A friend has lectured me I should use shutdown .. rather available reboot command available in Debian systems.

Is this reasonable and supported by facts rather than by fashion of making UNIX/Linux commands cryptic? I mean if reboot is there provided by Debian developers, shouldn't it stands to reason it's perfectly OK to use it?

Please advise.

vidarlo avatar
ar flag
Did he give you a reason?
bd flag
@vidarlo Except "you should use this and that flag to shutdown", no.
vidarlo avatar
ar flag
Use whatever you're comfortable with. Both seem to perform a clean reboot.
Score:2
tm flag

First things first, what these commands actually do:

  • Both commands are a symbolic link to systemctl, the command line utility of systemd.
  • You can simply verify this by executing ls -la /usr/sbin/shutdown and ls -la /usr/sbin/reboot
  • Thus, the commands are interpreted by systemd, which then decides the action to perform (among other tasks).
  • systemd is the init system that Debian uses and simply put, responsible for starting and stopping services, including invoking a shutdown and reboot
  • Shortly, both commands end up calling a specific systemd target, which in the end executes a system call. That's what defines what actually is happening.

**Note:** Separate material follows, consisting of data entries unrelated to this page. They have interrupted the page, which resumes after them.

lemma norm_hess_inv_le: "norm (matrix_inv (Hx x t) *v v) \<le> norm v / mu t"
proof -
  let ?w = "matrix_inv (Hx x t) *v v"
  have m: "0 < mu t" by (rule mu_pos)
  have "mu t * (norm ?w)\<^sup>2 \<le> ?w \<bullet> v" using hess_lower[of t ?w x] by simp
  also have "\<dots> \<le> norm ?w * norm v" by (rule norm_cauchy_schwarz)
  finally have "(mu t * norm ?w) * norm ?w \<le> norm v * norm ?w"
    by (simp add: power2_eq_square algebra_simps)
  then have "mu t * norm ?w \<le> norm v" by (cases "norm ?w = 0") (auto simp: m)
  then show ?thesis using m by (simp add: field_simps)
qed

lemma norm_diff_hess_inv_le: "norm (q - matrix_inv (Hx x t) *v b) \<le> norm (Hx x t *v q - b) / mu t"
  using norm_hess_inv_le[of x t "Hx x t *v q - b"] by (simp add: matrix_vector_mult_diff_distrib)

lemma hess_inv_symmetric: "u \<bullet> (matrix_inv (Hx x t) *v v) = (matrix_inv (Hx x t) *v u) \<bullet> v"
  using hess_symmetric[of "matrix_inv (Hx x t) *v v" x t "matrix_inv (Hx x t) *v u"]
  by (simp add: inner_commute)

lemma hess_lower_near:
  assumes "opnorm (Hx x0 s - Hx x0 \<theta>) \<le> mu \<theta> / 4" and "norm (y - x0) \<le> mu \<theta> / (4 * (LH + 1))"
  shows "mu \<theta> / 2 * (norm v)\<^sup>2 \<le> v \<bullet> (Hx y s *v v)"
proof -
  have "LH * norm (y - x0) \<le> LH * (mu \<theta> / (4 * (LH + 1)))"
    using assms(2) LH_nonneg by (rule mult_left_mono)
  also have "\<dots> \<le> mu \<theta> / 4" using mu_pos[of \<theta>] LH_nonneg by (simp add: field_simps)
  finally have "opnorm (Hx y s - Hx x0 s) \<le> mu \<theta> / 4"
    using H_lip[where x=y and y=x0 and t=s] by linarith
  then have "opnorm (Hx y s - Hx x0 \<theta>) * (norm v)\<^sup>2 \<le> mu \<theta> / 2 * (norm v)\<^sup>2"
    using opnorm_diff_triangle[of "Hx y s" "Hx x0 \<theta>" "Hx x0 s"] assms(1) by (intro mult_right_mono) auto
  moreover have "v \<bullet> (Hx y s *v v) = v \<bullet> (Hx x0 \<theta> *v v) + v \<bullet> ((Hx y s - Hx x0 \<theta>) *v v)"
    by (simp add: matrix_vector_mult_diff_rdistrib inner_diff_right)
  moreover have "mu \<theta> * (norm v)\<^sup>2 \<le> v \<bullet> (Hx x0 \<theta> *v v)" by (rule hess_lower)
  moreover have "- (opnorm (Hx y s - Hx x0 \<theta>) * (norm v)\<^sup>2) \<le> v \<bullet> ((Hx y s - Hx x0 \<theta>) *v v)"
    using abs_quadratic_form_le[of v "Hx y s - Hx x0 \<theta>"] by linarith
  ultimately show ?thesis by linarith
qed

Knowing this, both commands can lead to the very same targets and thus the very same kernel calls, doing the very same action. That fully depends on the command line options you use on these commands.

What does this mean for common cases?

  • Simple reboots are accomplished with shutdown -r and reboot. They lead to the same systemd target and therefore are doing exactly the same.
  • Shutdowns are accomplished with shutdown -h now or shutdown -P now. You cannot accomplish a shutdown with the reboot command to my knowledge, as the --poweroff switch is simply ignored when it is invoked through the reboot command

So, should you avoid the reboot command?

As shown both do their task. Depending on whether you want a shutdown or reboot, you use one of these commands with the appropriate options. There is no particular reason to specifically avoid the reboot command, as, in case of rebooting it does the very same thing as shutdown -r.

Source and more in depth description

You can read a more in-detailed description in "What is the difference between these commands for bringing down a Linux server?". It focuses on Red Hat Enterprise Linux, but as RHEL is using systemd just as Debian does, the explanations made there should be applicable to Debian as well.

Score:0
id flag

It's reasonable in the sense that reboot ends up calling shutdown afterwards anyway (unless you --force it), but unless you're working on some omega obsolete system, it's highly unlikely you will ever experience any performance impact from this.